▶ PROBLEM DESCRIPTION: Across all the records, filter for lines with the word "finally" and copy them.

▶ MATERIAL PROVIDED:
+++

lemma lamprod_on_vecs: "x \<in> vecs r \<Longrightarrow> lamprod_on C k x \<in> vecs r"
  by (induction k arbitrary: x) auto
lemma lamprod_on_add: "lamprod_on C k (x + y) = lamprod_on C k x + lamprod_on C k y"
  by (induction k arbitrary: x y) (auto simp: mv_add)
lemma lamprod_on_scal: "lamprod_on C k (\<lambda>i. c * x i) = (\<lambda>i. c * lamprod_on C k x i)"
  by (induction k arbitrary: x) (auto simp: mv_scal)
lemma lamprod_on_diff: "lamprod_on C k (x - y) = lamprod_on C k x - lamprod_on C k y"
  by (induction k arbitrary: x y) (auto simp: mv_diff)
lemma lamprod_on_cong: "C \<inter> {..<k} = C' \<inter> {..<k} \<Longrightarrow> lamprod_on C k x = lamprod_on C' k x"
proof (induction k arbitrary: x)
  case (Suc k)
  have a: "C \<inter> {..<k} = (C \<inter> {..<Suc k}) \<inter> {..<k}" "C' \<inter> {..<k} = (C' \<inter> {..<Suc k}) \<inter> {..<k}"
    by auto
  have "C \<inter> {..<k} = C' \<inter> {..<k}" unfolding a Suc.prems ..
  moreover have "(k \<in> C) = (k \<in> C')"
  proof -
    have "(k \<in> C \<inter> {..<Suc k}) = (k \<in> C' \<inter> {..<Suc k})" unfolding Suc.prems ..
    then show ?thesis by simp
  qed
  ultimately show ?case using Suc.IH by simp
qed simp
lemma lamprod_on_empty: "lamprod_on {} k x = x" by (induction k arbitrary: x) auto

lemma lamprod_eq_lamprod_on: "lamprod r L k x = lamprod_on {..<k} k x"
proof (induction k arbitrary: x)
  case (Suc k)
  have "lamprod_on {..<Suc k} k y = lamprod_on {..<k} k y" for y by (rule lamprod_on_cong) auto
  then show ?case using Suc by simp
qed simp

lemma lamprod_on_d_lam:
  assumes k: "k \<in> C" "k < n" and x: "x \<in> vecs r"
  shows "lamprod_on C k (mv r D (mv r (L k) x))
    = (\<lambda>i. t k * lamprod_on (C - {k}) (Suc k) x i) - lamprod_on C (Suc k) (mv r D x)"
proof -
  have "lamprod_on C k (mv r D (mv r (L k) x)) = lamprod_on C k ((\<lambda>i. t k * x i) - mv r (L k) (mv r D x))"
    using lam_d_homotopy[OF k(2) x] by simp
  also have "\<dots> = (\<lambda>i. t k * lamprod_on C k x i) - lamprod_on C k (mv r (L k) (mv r D x))"
    by (simp add: lamprod_on_diff lamprod_on_scal)
  also have "lamprod_on C k x = lamprod_on (C - {k}) (Suc k) x"
    by (simp, rule lamprod_on_cong, auto)
  also have "lamprod_on C k (mv r (L k) (mv r D x)) = lamprod_on C (Suc k) (mv r D x)" using k by simp
  finally show ?thesis .
qed

text \<open>Moving \<open>d\<close> through the \<open>\<lambda>\<^sub>j\<close>, each \<open>\<lambda>\<^sub>j d = t\<^sub>j - d \<lambda>\<^sub>j\<close> contributes a sign and a
  \<open>t\<^sub>j\<close>-multiple of the product with \<open>\<lambda>\<^sub>j\<close> omitted.\<close>
lemma d_lamprod_on:
  assumes C: "C \<subseteq> {..<n}" and x: "x \<in> vecs r"
  shows "mv r D (lamprod_on C k x)
    = (\<lambda>i. (\<Sum>j\<in>C \<inter> {..<k}. (-1) ^ card {c\<in>C. c < j} * t j * lamprod_on (C - {j}) k x i)
          + (-1) ^ card (C \<inter> {..<k}) * lamprod_on C k (mv r D x) i)"
  using x
proof (induction k arbitrary: x)
  case 0 then show ?case by simp
next
  case (Suc k)
  show ?case
  proof (cases "k \<in> C")
    case True
    define x' where "x' = mv r (L k) x"
    have omit: "lamprod_on (C - {j}) k x' = lamprod_on (C - {j}) (Suc k) x" if "j \<in> C \<inter> {..<k}" for j
      using that True by (simp add: x'_def)
    have ins: "C \<inter> {..<Suc k} = insert k (C \<inter> {..<k})" using True by auto
    have card_k: "card {c\<in>C. c < k} = card (C \<inter> {..<k})"
      by (rule arg_cong[where f=card]) auto
    have "mv r D (lamprod_on C (Suc k) x) = mv r D (lamprod_on C k x')" using True by (simp add: x'_def)
    also have "\<dots> = (\<lambda>i. (\<Sum>j\<in>C \<inter> {..<k}. (-1) ^ card {c\<in>C. c < j} * t j * lamprod_on (C - {j}) (Suc k) x i)
          + (-1) ^ card (C \<inter> {..<k}) * (t k * lamprod_on (C - {k}) (Suc k) x i - lamprod_on C (Suc k) (mv r D x) i))"
    proof -
      have "x' \<in> vecs r" by (simp add: x'_def)
      moreover have "lamprod_on C k (mv r D x')
          = (\<lambda>i. t k * lamprod_on (C - {k}) (Suc k) x i) - lamprod_on C (Suc k) (mv r D x)"
        unfolding x'_def using lamprod_on_d_lam[OF True _ Suc.prems] True C by auto
      moreover have "(\<Sum>j\<in>C \<inter> {..<k}. (-1) ^ card {c\<in>C. c < j} * t j * lamprod_on (C - {j}) k x' i)
          = (\<Sum>j\<in>C \<inter> {..<k}. (-1) ^ card {c\<in>C. c < j} * t j * lamprod_on (C - {j}) (Suc k) x i)" for i
        by (rule sum.cong[OF refl]) (simp only: omit)
      ultimately show ?thesis using Suc.IH[of x'] by (simp del: lamprod_on.simps)
    qed
    also have "\<dots> = (\<lambda>i. (\<Sum>j\<in>C \<inter> {..<Suc k}. (-1) ^ card {c\<in>C. c < j} * t j * lamprod_on (C - {j}) (Suc k) x i)
          + (-1) ^ card (C \<inter> {..<Suc k}) * lamprod_on C (Suc k) (mv r D x) i)"
      unfolding ins by (simp add: card_k[symmetric] algebra_simps del: lamprod_on.simps)
    finally show ?thesis unfolding ins .
  next
    case False
    then have "C \<inter> {..<Suc k} = C \<inter> {..<k}" by (auto simp: less_Suc_eq)
    with Suc.IH[OF Suc.prems] False show ?thesis by simp
  qed
qed

text \<open>The lift \<open>\<Phi>\<close> of \<open>\<theta>\<close>: its \<open>dt\<^sub>B\<close>-component is \<open>\<plusminus>\<lambda>\<^sub>C x\<close> for the complement \<open>C\<close> of \<open>B\<close>, so that
  the \<open>dt\<^sub>[\<^sub>n\<^sub>]\<close>-component is \<open>x\<close> and the \<open>dt\<^sub>\<emptyset>\<close>-component is \<open>\<theta> x\<close>.\<close>
definition lift_sign :: "nat set \<Rightarrow> 'r" where
  "lift_sign B = (-1) ^ (\<Sum>B + tri (card B) + n)"
definition par_sign :: "nat \<Rightarrow> nat set \<Rightarrow> 'r" where
  "par_sign i B = (if par i then (-1) ^ card B else 1)"
definition theta_lift :: "(nat \<Rightarrow> 'r) \<Rightarrow> nat \<Rightarrow> nat set \<Rightarrow> 'r" where
  "theta_lift x = (\<lambda>i B. if i < r \<and> B \<subseteq> {..<n} then lift_sign B * par_sign i B * lamprod_on ({..<n} - B) n x i else 0)"

lemma lift_sign_top: "lift_sign {..<n} = 1"
  unfolding lift_sign_def using even_sum_lessThan_tri[of n] by (simp add: minus_one_power_iff)

lemma lift_sign_insert:
  assumes B: "B \<subseteq> {..<n}" and j: "j < n" "j \<notin> B"
  shows "(-1) ^ card {b\<in>B. b < j} * lift_sign (insert j B)
       = - (lift_sign B * (-1) ^ card B * (-1) ^ card {c\<in>{..<n} - B. c < j})"
proof -
  have fB: "finite B" using B finite_subset by blast
  define a where "a = card {b\<in>B. b < j}"
  define c where "c = card {c\<in>{..<n} - B. c < j}"
  have ac: "a + c = j" unfolding a_def c_def by (rule card_below_split[OF B j(1)])
  have s1: "\<Sum>(insert j B) = \<Sum>B + j" using fB j by simp
  have s2: "card (insert j B) = Suc (card B)" using fB j by simp
  have "(-1) ^ a * lift_sign (insert j B) = (-1::'r) ^ (a + (\<Sum>B + j + (tri (card B) + Suc (card B)) + n))"
    unfolding lift_sign_def s1 s2 tri_Suc by (simp add: power_add)
  also have "\<dots> = - ((-1) ^ ((\<Sum>B + tri (card B) + n) + card B + c))"
  proof (rule minus_one_power_odd_sum)
    have "a + (\<Sum>B + j + (tri (card B) + Suc (card B)) + n) + ((\<Sum>B + tri (card B) + n) + card B + c)
        = 2 * (j + \<Sum>B + tri (card B) + n + card B) + 1" using ac by simp
    then show "odd (a + (\<Sum>B + j + (tri (card B) + Suc (card B)) + n) + ((\<Sum>B + tri (card B) + n) + card B + c))"
      by presburger
  qed
  also have "\<dots> = - (lift_sign B * (-1) ^ card B * (-1) ^ c)" unfolding lift_sign_def by (simp add: power_add)
  finally show ?thesis unfolding a_def c_def .
qed

lemma theta_lift_closed: "theta_lift x \<in> tensors"
  by (rule tensorsI; (rule kosI)?; simp add: theta_lift_def)

lemma theta_lift_add: "theta_lift (x + y) = theta_lift x + theta_lift y"
  by (simp add: theta_lift_def lamprod_on_add algebra_simps fun_eq_iff)
lemma theta_lift_scal: "theta_lift (\<lambda>i. c * x i) = (\<lambda>i B. c * theta_lift x i B)"
  by (simp add: theta_lift_def lamprod_on_scal algebra_simps fun_eq_iff)

lemma eps_theta_lift: assumes x: "x \<in> vecs r" shows "epsT r par n (theta_lift x) = x"
proof (rule ext)
  fix i show "epsT r par n (theta_lift x) i = x i"
    by (cases "i < r") (auto simp: epsT_def theta_lift_def lift_sign_top par_sign_def lamprod_on_empty vecsD[OF x]
        power_mult_distrib[symmetric] simp flip: power_add mult_2)
qed

lemma augment_theta_lift: assumes x: "x \<in> vecs r" shows "(\<lambda>i. theta_lift x i {}) = theta r n L x"
proof (rule ext)
  fix i show "theta_lift x i {} = theta r n L x i"
    using vecsD[OF lamprod_on_vecs[OF x], of _ "{..<n}" n]
    by (cases "i < r") (auto simp: theta_def theta_lift_def lift_sign_def par_sign_def lamprod_eq_lamprod_on tri_def)
qed

lemma par_sign_insert: "finite B \<Longrightarrow> j \<notin> B \<Longrightarrow> par_sign i (insert j B) = psign (par i) * par_sign i B"
  by (auto simp: psign_def par_sign_def)

lemma deltens_theta_lift:
  assumes i: "i < r" and B: "B \<subseteq> {..<n}"
  defines "C \<equiv> {..<n} - B" and "K \<equiv> lift_sign B * (-1) ^ card B * par_sign i B"
  shows "deltens (theta_lift x) i B
    = - (K * (\<Sum>j\<in>C. (-1) ^ card {c\<in>C. c < j} * t j * lamprod_on (C - {j}) n x i))"
proof -
  have fB: "finite B" using B finite_subset by blast
  have lift_insert: "theta_lift x i (insert j B)
      = lift_sign (insert j B) * par_sign i (insert j B) * lamprod_on (C - {j}) n x i" if "j \<in> C" for j
  proof -
    have "{..<n} - insert j B = C - {j}" unfolding C_def by auto
    with that i B show ?thesis by (simp add: theta_lift_def C_def)
  qed
  have "deltens (theta_lift x) i B
      = (\<Sum>j\<in>C. psign (par i) * ((-1) ^ card {b\<in>B. b < j} * t j * theta_lift x i (insert j B)))"
    using i B by (simp add: deltens_def kdelta_def C_def sum_distrib_left)
  also have "\<dots> = (\<Sum>j\<in>C. - (K * ((-1) ^ card {c\<in>C. c < j} * t j * lamprod_on (C - {j}) n x i)))"
  proof (rule sum.cong[OF refl])
    fix j assume j: "j \<in> C"
    then have jB: "j \<notin> B" unfolding C_def by auto
    have sign: "(-1) ^ card {b\<in>B. b < j} * lift_sign (insert j B)
        = - (lift_sign B * (-1) ^ card B * (-1) ^ card {c\<in>C. c < j})"
      unfolding C_def by (rule lift_sign_insert[OF B]) (use j C_def in auto)
    have "psign (par i) * ((-1) ^ card {b\<in>B. b < j} * t j * theta_lift x i (insert j B))
        = par_sign i B * ((-1) ^ card {b\<in>B. b < j} * lift_sign (insert j B))
          * (t j * lamprod_on (C - {j}) n x i)"
      using j by (simp add: lift_insert par_sign_insert[OF fB jB] mult_ac)
    also have "\<dots> = - (K * ((-1) ^ card {c\<in>C. c < j} * t j * lamprod_on (C - {j}) n x i))"
      unfolding sign K_def by (simp add: mult_ac)
    finally show "psign (par i) * ((-1) ^ card {b\<in>B. b < j} * t j * theta_lift x i (insert j B))
        = - (K * ((-1) ^ card {c\<in>C. c < j} * t j * lamprod_on (C - {j}) n x i))" .
  qed
  finally show ?thesis by (simp add: sum_negf sum_distrib_left)
qed

lemma dtens_theta_lift:
  assumes i: "i < r" and B: "B \<subseteq> {..<n}"
  defines "C \<equiv> {..<n} - B" and "K \<equiv> lift_sign B * (-1) ^ card B * par_sign i B"
  shows "dtens (theta_lift x) i B = K * mv r D (lamprod_on C n x) i"
proof -
  have "dtens (theta_lift x) i B = (\<Sum>k<r. D i k * (lift_sign B * par_sign k B * lamprod_on C n x k))"
    using i B unfolding dT_def theta_lift_def C_def by (auto intro!: sum.cong)
  also have "\<dots> = (\<Sum>k<r. K * (D i k * lamprod_on C n x k))"
  proof (rule sum.cong[OF refl])
    fix k assume k: "k \<in> {..<r}"
    show "D i k * (lift_sign B * par_sign k B * lamprod_on C n x k) = K * (D i k * lamprod_on C n x k)"
    proof (cases "D i k = 0")
      case False
      then have "par k = (\<not> par i)" using D_nonzero_parity[OF i] k by auto
      then have "par_sign k B = (-1) ^ card B * par_sign i B"
        by (auto simp: par_sign_def simp flip: power_add mult_2)
      then show ?thesis unfolding K_def by (simp add: algebra_simps)
    qed simp
  qed
  also have "\<dots> = K * mv r D (lamprod_on C n x) i" using i by (simp add: mv_def sum_distrib_left)
  finally show ?thesis .
qed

+++

▶ EXERCISE RESULT:
  finally show ?thesis .
    finally show ?thesis unfolding ins .
  finally show ?thesis unfolding a_def c_def .
    finally show "psign (par i) * ((-1) ^ card {b\<in>B. b < j} * t j * theta_lift x i (insert j B))
  finally show ?thesis by (simp add: sum_negf sum_distrib_left)
  finally show ?thesis .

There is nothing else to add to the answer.